El enorme poder político y mediático acumulado le permitió ocultar durante años las consecuencias que tendría ese proceso y garantizar que las autoridades, en lugar de frenarlo, fuesen abriéndole el camino legal para que se desarrollara cada vez más rápida y cómodamente. Las consecuencias las conocemos todos: una burbuja detrás de otra hasta que la inmobiliaria hizo saltar por los aires la banca en todo el mundo. Como también es conocido el tratamiento que se le dio a la crisis subsiguiente: salvamento generalizado de la banca privada con billones de dinero público y políticas de recortes del resto del gasto público, no tanto para ahorrar como para facilitar la consolidación de nuevos negocios privados que financiaba la banca privada y para disciplinar a la población mediante el desempleo y el miedo que artificialmente producían esas medidas.
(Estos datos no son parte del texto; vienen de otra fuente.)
lemma prob_bernoulli_weighted_sum_deviation_le:
  fixes Y :: "'a set" and q w :: "'a \<Rightarrow> real"
  assumes "finite Y" "\<And>y. y \<in> Y \<Longrightarrow> 0 \<le> q y \<and> q y \<le> 1" "0 \<le> \<epsilon>" "0 < (\<Sum>y\<in>Y. (w y)\<^sup>2)"
  shows "measure_pmf.prob (Pi_pmf Y False (\<lambda>y. bernoulli_pmf (q y)))
     {g. \<epsilon> \<le> \<bar>(\<Sum>y\<in>Y. if g y then w y else 0) - (\<Sum>y\<in>Y. q y * w y)\<bar>}
     \<le> 2 * exp (-2 * \<epsilon>\<^sup>2 / (\<Sum>y\<in>Y. (w y)\<^sup>2))"
proof -
  define P where "P = Pi_pmf Y False (\<lambda>y. bernoulli_pmf (q y))"
  define X where "X = (\<lambda>y (g :: 'a \<Rightarrow> bool). if g y then w y else 0)"
  have expectation: "measure_pmf.expectation P (X y) = q y * w y" if "y \<in> Y" for y
  proof -
    have "measure_pmf.expectation P (X y) = measure_pmf.expectation (map_pmf (\<lambda>g. g y) P) (\<lambda>b. if b then w y else 0)"
      unfolding X_def by simp
    also have "map_pmf (\<lambda>g. g y) P = bernoulli_pmf (q y)"
      unfolding P_def using assms(1) that by (simp add: Pi_pmf_component)
    finally show ?thesis
      using assms(2)[OF that] by simp
  qed
  interpret Hoeffding_ineq "measure_pmf P" Y X "\<lambda>y. min 0 (w y)" "\<lambda>y. max 0 (w y)"
    "\<Sum>y\<in>Y. measure_pmf.expectation P (X y)"
  proof unfold_locales
    show "finite Y"
      by (rule assms(1))
    have "prob_space.indep_vars (measure_pmf P) (\<lambda>_. count_space UNIV) (\<lambda>y g. g y) Y"
      unfolding P_def by (rule indep_vars_Pi_pmf[OF assms(1)])
    then have "prob_space.indep_vars (measure_pmf P) (\<lambda>_. borel) (\<lambda>y g. (\<lambda>b. if b then w y else 0) (g y)) Y"
      by (rule prob_space.indep_vars_compose2[OF prob_space_measure_pmf]) auto
    then show "prob_space.indep_vars (measure_pmf P) (\<lambda>_. borel) X Y"
      unfolding X_def .
  next
    fix y
    show "AE g in measure_pmf P. X y g \<in> {min 0 (w y)..max 0 (w y)}"
      unfolding X_def by (intro AE_pmfI) auto
  qed simp
  have range: "(max 0 (w y) - min 0 (w y))\<^sup>2 = (w y)\<^sup>2" for y
    by (cases "0 \<le> w y") (auto simp: max_def min_def)
  have "measure_pmf.prob P {g \<in> space (measure_pmf P). \<epsilon> \<le> \<bar>(\<Sum>y\<in>Y. X y g) - (\<Sum>y\<in>Y. measure_pmf.expectation P (X y))\<bar>}
      \<le> 2 * exp (-2 * \<epsilon>\<^sup>2 / (\<Sum>y\<in>Y. (max 0 (w y) - min 0 (w y))\<^sup>2))"
    by (rule Hoeffding_ineq_abs_ge[OF assms(3)]) (simp add: range assms(4))
  moreover have "(\<Sum>y\<in>Y. measure_pmf.expectation P (X y)) = (\<Sum>y\<in>Y. q y * w y)"
    by (rule sum.cong[OF refl]) (rule expectation)
  ultimately show ?thesis
    unfolding P_def[symmetric] X_def range by simp
qed

lemma prob_char_kernel_deviation_le:
  assumes "\<And>y. 0 \<le> q y \<and> q y \<le> 1" "0 \<le> \<epsilon>"
  shows "measure_pmf.prob (Pi_pmf (bitstrings n) False (\<lambda>y. bernoulli_pmf (q y)))
     {g. \<epsilon> \<le> \<bar>char_kernel n (indicator {y\<in>bitstrings n. g y}) x x' - char_kernel n q x x'\<bar>}
     \<le> 2 * exp (-2 * \<epsilon>\<^sup>2 * 2 ^ n)"
proof -
  define w where "w y = chi y x * chi y x' / 2 ^ n" for y
  have "char_kernel n (indicator {y\<in>bitstrings n. g y}) x x' = (\<Sum>y\<in>bitstrings n. if g y then w y else 0)" for g
    unfolding char_kernel_def cube_avg_def w_def sum_divide_distrib by (intro sum.cong refl) (simp add: indicator_def)
  moreover have "char_kernel n q x x' = (\<Sum>y\<in>bitstrings n. q y * w y)"
    unfolding char_kernel_def cube_avg_def w_def by (simp add: sum_divide_distrib mult.assoc)
  moreover have w_sq: "(\<Sum>y\<in>bitstrings n. (w y)\<^sup>2) = 1 / 2 ^ n"
  proof -
    have "(w y)\<^sup>2 = 1 / (2 ^ n * 2 ^ n)" for y
      unfolding w_def power2_eq_square by (simp add: field_simps)
    then show ?thesis
      by (simp add: card_bitstrings)
  qed
  ultimately show ?thesis
    using prob_bernoulli_weighted_sum_deviation_le[of "bitstrings n" q \<epsilon> w] assms by simp
qed

definition Strong_given :: "nat \<Rightarrow> nat \<Rightarrow> real \<Rightarrow> (nat \<Rightarrow> bool list) \<Rightarrow> (bool list set \<times> bool list set) pmf" where
  "Strong_given n l \<kappa> s =
     Pi_pmf (bitstrings n) False (\<lambda>y. bernoulli_pmf (keep_prob \<kappa> (gamma l s y)))
     \<bind> (\<lambda>g. return_pmf (s ` {..<l}, {y \<in> bitstrings n. g y}))"

lemma Strong_eq_bind_sample_pmf: "Strong n l \<kappa> = sample_pmf n l \<bind> Strong_given n l \<kappa>"
  unfolding Strong_def sample_pmf_def Strong_given_def keep_prob_def ..

lemma prob_not_strong_yes_instance_Strong_given:
  assumes "generic_sample n l s" "0 \<le> \<kappa>" "\<kappa> \<le> 1" "0 \<le> \<rho>" "v \<le> l"
    and "t1 = (1 + \<kappa>) / 2 + real v / real l + \<rho>"
    and "t2 = (1 + 3 * \<kappa>) / 2 - 15 * \<kappa>\<^sup>2 / 4 - 5 * \<kappa> / real l - \<rho>"
  shows "measure_pmf.prob (Strong_given n l \<kappa> s) {(S, U). \<not> strong_yes_instance n t1 t2 v S U}
    \<le> 2 * (real l)\<^sup>2 * exp (- (\<rho>\<^sup>2 * 2 ^ n) / (2 * (real l)\<^sup>2))"
proof -
  interpret generic_sample n l s
    by (fact assms(1))
  define q where "q = (\<lambda>y. keep_prob \<kappa> (gamma l s y))"
  define PU where "PU = Pi_pmf (bitstrings n) False (\<lambda>y. bernoulli_pmf (keep_prob \<kappa> (gamma l s y)))"
  define Bad where "Bad = (\<lambda>(i, j). {g. \<rho> / l \<le> \<bar>char_kernel n (indicator {y\<in>bitstrings n. g y}) (s i) (s j)
      - char_kernel n q (s i) (s j)\<bar>})"
  have q_bounds: "0 \<le> q y \<and> q y \<le> 1" for y
    using assms(2) gamma_nonneg unfolding q_def by (intro conjI keep_prob_bounds) simp_all
  have "{g. (s ` {..<l}, {y \<in> bitstrings n. g y}) \<in> {(S, U). \<not> strong_yes_instance n t1 t2 v S U}}
      \<subseteq> (\<Union>p\<in>{..<l} \<times> {..<l}. Bad p)"
    using kernel_deviation_if_not_strong_yes_instance[OF assms(2-7)] by (auto simp: Bad_def q_def)
  then have "measure_pmf.prob (Strong_given n l \<kappa> s) {(S, U). \<not> strong_yes_instance n t1 t2 v S U}
      \<le> measure_pmf.prob PU (\<Union>p\<in>{..<l} \<times> {..<l}. Bad p)"
    unfolding Strong_given_def PU_def[symmetric]
    by (simp add: map_pmf_def[symmetric] vimage_def measure_pmf.finite_measure_mono)
  also have "\<dots> \<le> card ({..<l} \<times> {..<l}) * (2 * exp (-2 * (\<rho> / l)\<^sup>2 * 2 ^ n))"
  proof (rule measure_pmf_UN_le)
    fix p :: "nat \<times> nat"
    show "measure_pmf.prob PU (Bad p) \<le> 2 * exp (-2 * (\<rho> / l)\<^sup>2 * 2 ^ n)"
      unfolding PU_def Bad_def q_def using q_bounds[unfolded q_def] assms(4)
      by (cases p) (simp only: prod.case, rule prob_char_kernel_deviation_le, simp_all)
  qed simp
  also have "\<dots> \<le> 2 * (real l)\<^sup>2 * exp (- (\<rho>\<^sup>2 * 2 ^ n) / (2 * (real l)\<^sup>2))"
  proof -
    have "-2 * (\<rho> / l)\<^sup>2 * 2 ^ n \<le> - (\<rho>\<^sup>2 * 2 ^ n) / (2 * (real l)\<^sup>2)"
      using l_pos by (simp add: power_divide field_simps)
    from mult_left_mono[OF exp_mono[OF this], of "2 * (real l)\<^sup>2"] show ?thesis
      by (simp add: card_cartesian_product power2_eq_square mult_ac)
  qed
  finally show ?thesis .
qed

text \<open>The maximum of \<open>\<kappa> - 15 \<kappa>\<^sup>2 / 4\<close> is \<open>1 / 15\<close>, so ordered thresholds force \<open>v / l < 1\<close>.\<close>
lemma ordered_thresholds_imp_less:
  fixes \<kappa> \<rho> :: real and l v :: nat
  assumes "0 < l" "0 \<le> \<kappa>" "0 \<le> \<rho>"
    and "(1 + \<kappa>) / 2 + real v / real l + \<rho> < (1 + 3 * \<kappa>) / 2 - 15 * \<kappa>\<^sup>2 / 4 - 5 * \<kappa> / real l - \<rho>"
  shows "v < l"
proof -
  have "\<kappa> - 15 * \<kappa>\<^sup>2 / 4 \<le> 1 / 15"
    using zero_le_power2[of "\<kappa> - 2 / 15"] by (simp add: power2_eq_square algebra_simps)
  moreover have "0 \<le> 5 * \<kappa> / real l"
    using assms(2) by simp
  ultimately have "real v / real l < 1"
    using assms(3,4) by (simp add: field_simps)
  then show ?thesis
    using assms(1) by (simp add: divide_less_eq)
qed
Las autoridades prometieron poner límites a los desmanes de los “banqueros sinvergüenzas”, como los calificó el entonces presidente Obama, pero lo cierto es que las reformas fueron de insuficiente calado: algunas exigencias de capital adicionales que no siempre se respetan, vía libre a los procesos de fusión y concentración para tratar de fortalecer la solvencia perdida mediante la eliminación de la competencia, argucias contables para ocultar su quebranto real y, por supuesto, todavía más vía libre para favorecer el incremento de la deuda que es el oxígeno del que vive la banca de nuestros días.
En medio de todo eso, se ha ido acelerando otro proceso de cambio tecnológico que ha ido afectando muy directamente al negocio bancario pues pone patas arriba sus bases convencionales. Han aparecido nuevas formas de dinero y financiación, sistemas de pago diferentes que han cambiado el formato y la actividad de los mercados de capitales y, sobre todo, nuevos activos digitales (criptomonedas, billeteras electrónicas, saldos con proveedores de telecomunicaciones) de la mano de nuevos competidores no bancarios pero que ofrecen servicios financieros, las empresas de tecnología financiera (fintech) o gigantes tecnológicos (bigtech). Todo lo cual ha convulsionado la cuenta de resultados de la banca tradicional en una etapa dominada, además, por los bajos tipos de interés.
La respuesta de la banca más potente no se ha hecho esperar y responde a la misma estrategia en todo el mundo, profundizar en la concentración del capital multiplicando la absorciones y megafusiones para reducir la competencia y convertirse en plataformas digitales capaces de operar en el nuevo tipo de negocio financiero que traen consigo la inteligencia artificial y el bigdata y que se basará en la explotación de activos cuyo valor no viene de sí mismos (como ocurría con los depósitos que han constituido tradicionalmente la base del negocio bancario) sino de la tecnología y la información que contienen.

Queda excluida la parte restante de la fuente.